Course Objectives: The course covers the qualitative theory of ordinary differential equations and dynamical systems. After an introduction of main elements of the ODE theory (existence, uniqueness, and smooth dependence, linear systems), properties of dynamical systems (stability theory, invariant manifolds, hyperbolic and center points) are studied. The course finishes at the theory of periodic and homoclinic solutions (Floquet multipliers, Poincare indices, Melnikov functions). Since this is the first graduate course in applied mathematics, the material does not include special and advanced topics, but focuses on general methods and theorems.
Syllabus: Ordinary differential equations: well-posed initial value problems (i.e. existence, uniqueness, continuation and continuous dependence), general non-autonomous linear systems, special linear systems (autonomous, periodic), classical stability theory, bifurcation and asymptotic methods.
Instructor: Dr. Dmitry Pelinovsky, HH-422, ext.23424, e-mail: firstname.lastname@example.org
Lectures: Monday, Wednesday (9:00-10:30), HH-312
Office hours: Monday, Wednesday (10:30-11:30)

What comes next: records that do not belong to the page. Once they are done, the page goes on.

lemma qdiff_adj_iter_monom: "(qdiff_adj ^^ n) (monom 1 n) = [:qdiff_adj_lc n:]"
  using qdiff_adj_iter_degree[of "monom 1 n" n] by (simp add: degree_monom_eq)

lemma qdiff_node_poly_mult:
  "qdiff (node_poly u (Suc a) * node_poly v (Suc b)) = node_poly u a * node_poly v b *
     (smult (q ^ a * qint q (Suc b)) [:1 - u, q:] + smult (qint q (Suc a)) [:- qnode v b, 1:])"
proof -
  have "qdiff (node_poly u (Suc a) * node_poly v (Suc b))
      = ([:1 - u, q:] * smult (q ^ a) (node_poly u a)) * smult (qint q (Suc b)) (node_poly v b)
        + (node_poly v b * [:- qnode v b, 1:]) * smult (qint q (Suc a)) (node_poly u a)"
    by (simp only: qdiff_mult, simp only: pcompose_node_poly qdiff_node_poly,
        simp only: node_poly_Suc[of v b])
  then show ?thesis
    by (simp only: distrib_left mult_smult_left mult_smult_right smult_smult mult_ac)
qed

end

lemma qK_eq_fract_X: "qK = fract_X"
  by (simp add: qK_def fract_X_def to_fract_def)

lemma qL_eq_const_fract: "qL = const_fract qK"
  by (simp add: qL_def const_fract_def to_fract_def)

lemma zL_eq_fract_X: "zL = fract_X"
  by (simp add: zL_def fract_X_def to_fract_def)

lemma qK_nonzero: "qK \<noteq> 0"
  using fract_X_power_ne_const[of 1 0] by (simp add: qK_eq_fract_X)

lemma qK_power_ne_1: "m > 0 \<Longrightarrow> qK ^ m \<noteq> 1"
  using fract_X_power_ne_const[of m 1] by (simp add: qK_eq_fract_X)

lemma qK_power_ne_minus_1: "qK ^ m \<noteq> - 1"
proof (cases "m = 0")
  case True
  have "const_fract (1::rat) \<noteq> const_fract (- 1)" by simp
  then show ?thesis using True by simp
next
  case False
  then show ?thesis using fract_X_power_ne_const[of m "- 1"] by (simp add: qK_eq_fract_X)
qed

lemma qL_power_ne_minus_1: "qL ^ m \<noteq> - 1"
proof
  assume "qL ^ m = - 1"
  then have "const_fract (qK ^ m) = const_fract (- 1)" by (simp add: qL_eq_const_fract)
  then show False using qK_power_ne_minus_1 by (simp only: const_fract_eq_iff)
qed

interpretation q_calculus qL
proof
  show "qL \<noteq> 0"
  proof
    assume "qL = 0"
    then have "const_fract qK = const_fract 0" by (simp add: qL_eq_const_fract)
    then show False using qK_nonzero by (simp only: const_fract_eq_iff)
  qed
  show "qL ^ m \<noteq> 1" if "m > 0" for m
  proof
    assume "qL ^ m = 1"
    then have "const_fract (qK ^ m) = const_fract 1" by (simp add: qL_eq_const_fract)
    then show False using qK_power_ne_1[OF that] by (simp only: const_fract_eq_iff)
  qed
qed

lemma qint_qL: "qint qL m = const_fract (qint qK m)"
  by (simp add: qint_def qL_eq_const_fract)

lemma qint_qL_minus_zL_nonzero: "qint qL m - zL \<noteq> 0"
  using const_fract_add_mult_X_nonzero[of "- 1" "qint qK m"]
  by (simp add: qint_qL zL_eq_fract_X)

lemma qnode_zL_nonzero: "qnode zL m \<noteq> 0"
proof -
  have "qnode zL m = const_fract (qint qK m) + const_fract (qK ^ m) * fract_X"
    by (simp add: qnode_def qint_qL zL_eq_fract_X mult.commute flip: qL_eq_const_fract)
  also have "\<dots> \<noteq> 0" by (rule const_fract_add_mult_X_nonzero) (simp add: qK_nonzero)
  finally show ?thesis .
qed

lemma poly_qweight_zL_nonzero: "poly qweight zL \<noteq> 0"
proof -
  have "poly qweight zL = const_fract 1 + const_fract (qK - 1) * fract_X"
    by (simp add: zL_eq_fract_X flip: qL_eq_const_fract)
  also have "\<dots> \<noteq> 0" by (rule const_fract_add_mult_X_nonzero) (use qK_power_ne_1[of 1] in simp)
  finally show ?thesis .
qed

lemma zL_nonzero [simp]: "zL \<noteq> 0"
  using fract_X_power_ne_const[of 1 0] by (simp add: zL_eq_fract_X)

lemma Psi_eq_sum:
  assumes "degree P \<le> N"
  shows "Psi beta P = (\<Sum>k\<le>N. coeff P k * [:beta k:])"
  unfolding Psi_def by (rule sum.mono_neutral_left) (use assms in \<open>auto simp: coeff_eq_0\<close>)

lemma Psi_add: "Psi beta (P + Q) = Psi beta P + Psi beta Q"
proof -
  let ?N = "max (degree P) (degree Q)"
  have "degree (P + Q) \<le> ?N" by (rule degree_add_le) auto
  then show ?thesis
    by (simp add: Psi_eq_sum[of _ ?N] Psi_eq_sum[of P ?N] Psi_eq_sum[of Q ?N] sum.distrib
        smult_add_right)
qed
definition fa_integral :: "'a set \<Rightarrow> ('a set \<Rightarrow> real) \<Rightarrow> ('a \<Rightarrow> real) \<Rightarrow> real" where
  "fa_integral \<Omega> \<mu> f = (\<Sum>y\<in>f ` \<Omega>. y * \<mu> {x\<in>\<Omega>. f x = y})"

definition sup_norm :: "'a set \<Rightarrow> ('a \<Rightarrow> real) \<Rightarrow> real" where
  "sup_norm \<Omega> f = Sup (insert 0 ((\<lambda>x. \<bar>f x\<bar>) ` \<Omega>))"

definition linear_on_ba :: "'a set \<Rightarrow> 'a set set \<Rightarrow> (('a set \<Rightarrow> real) \<Rightarrow> real) \<Rightarrow> bool" where
  "linear_on_ba \<Omega> A \<phi> \<longleftrightarrow>
     (\<forall>\<mu>\<in>ba \<Omega> A. \<forall>\<nu>\<in>ba \<Omega> A. \<phi> (\<lambda>E. \<mu> E + \<nu> E) = \<phi> \<mu> + \<phi> \<nu>) \<and>
     (\<forall>\<mu>\<in>ba \<Omega> A. \<forall>c::real. \<phi> (\<lambda>E. c * \<mu> E) = c * \<phi> \<mu>)"

definition norm_continuous_on_ba :: "'a set \<Rightarrow> 'a set set \<Rightarrow> (('a set \<Rightarrow> real) \<Rightarrow> real) \<Rightarrow> bool" where
  "norm_continuous_on_ba \<Omega> A \<phi> \<longleftrightarrow>
     (\<forall>\<mu>\<in>ba \<Omega> A. \<forall>\<epsilon>>0. \<exists>\<delta>>0. \<forall>\<nu>\<in>ba \<Omega> A.
        ba_norm \<Omega> A (\<lambda>E. \<nu> E - \<mu> E) < \<delta> \<longrightarrow> \<bar>\<phi> \<nu> - \<phi> \<mu>\<bar> < \<epsilon>)"

definition functional_norm :: "'a set \<Rightarrow> 'a set set \<Rightarrow> (('a set \<Rightarrow> real) \<Rightarrow> real) \<Rightarrow> real" where
  "functional_norm \<Omega> A \<phi> = Sup {\<bar>\<phi> \<mu>\<bar> | \<mu>. \<mu> \<in> ba \<Omega> A \<and> ba_norm \<Omega> A \<mu> \<le> 1}"

definition directed_set :: "'i set \<Rightarrow> ('i \<Rightarrow> 'i \<Rightarrow> bool) \<Rightarrow> bool" where
  "directed_set I le \<longleftrightarrow> I \<noteq> {} \<and> (\<forall>a\<in>I. le a a) \<and>
     (\<forall>a\<in>I. \<forall>b\<in>I. \<forall>c\<in>I. le a b \<longrightarrow> le b c \<longrightarrow> le a c) \<and>
     (\<forall>a\<in>I. \<forall>b\<in>I. \<exists>c\<in>I. le a c \<and> le b c)"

"Ordinary Differential Equations: Qualitative Theory" by L. Barreira and C. Valls (AMS, 2012)
"Differential equations and dynamical systems" by L. Perko (Springer-Verlag, 2001), ISBN 0-387-95116-4
Assignments: Four home assignments will be distributed during the classes with specific deadlines. The texts for assignments and solutions will be posted on the course webpage.
Presentations: The course is completed by student presentations.
Presentation - 60%
Assignments - 40%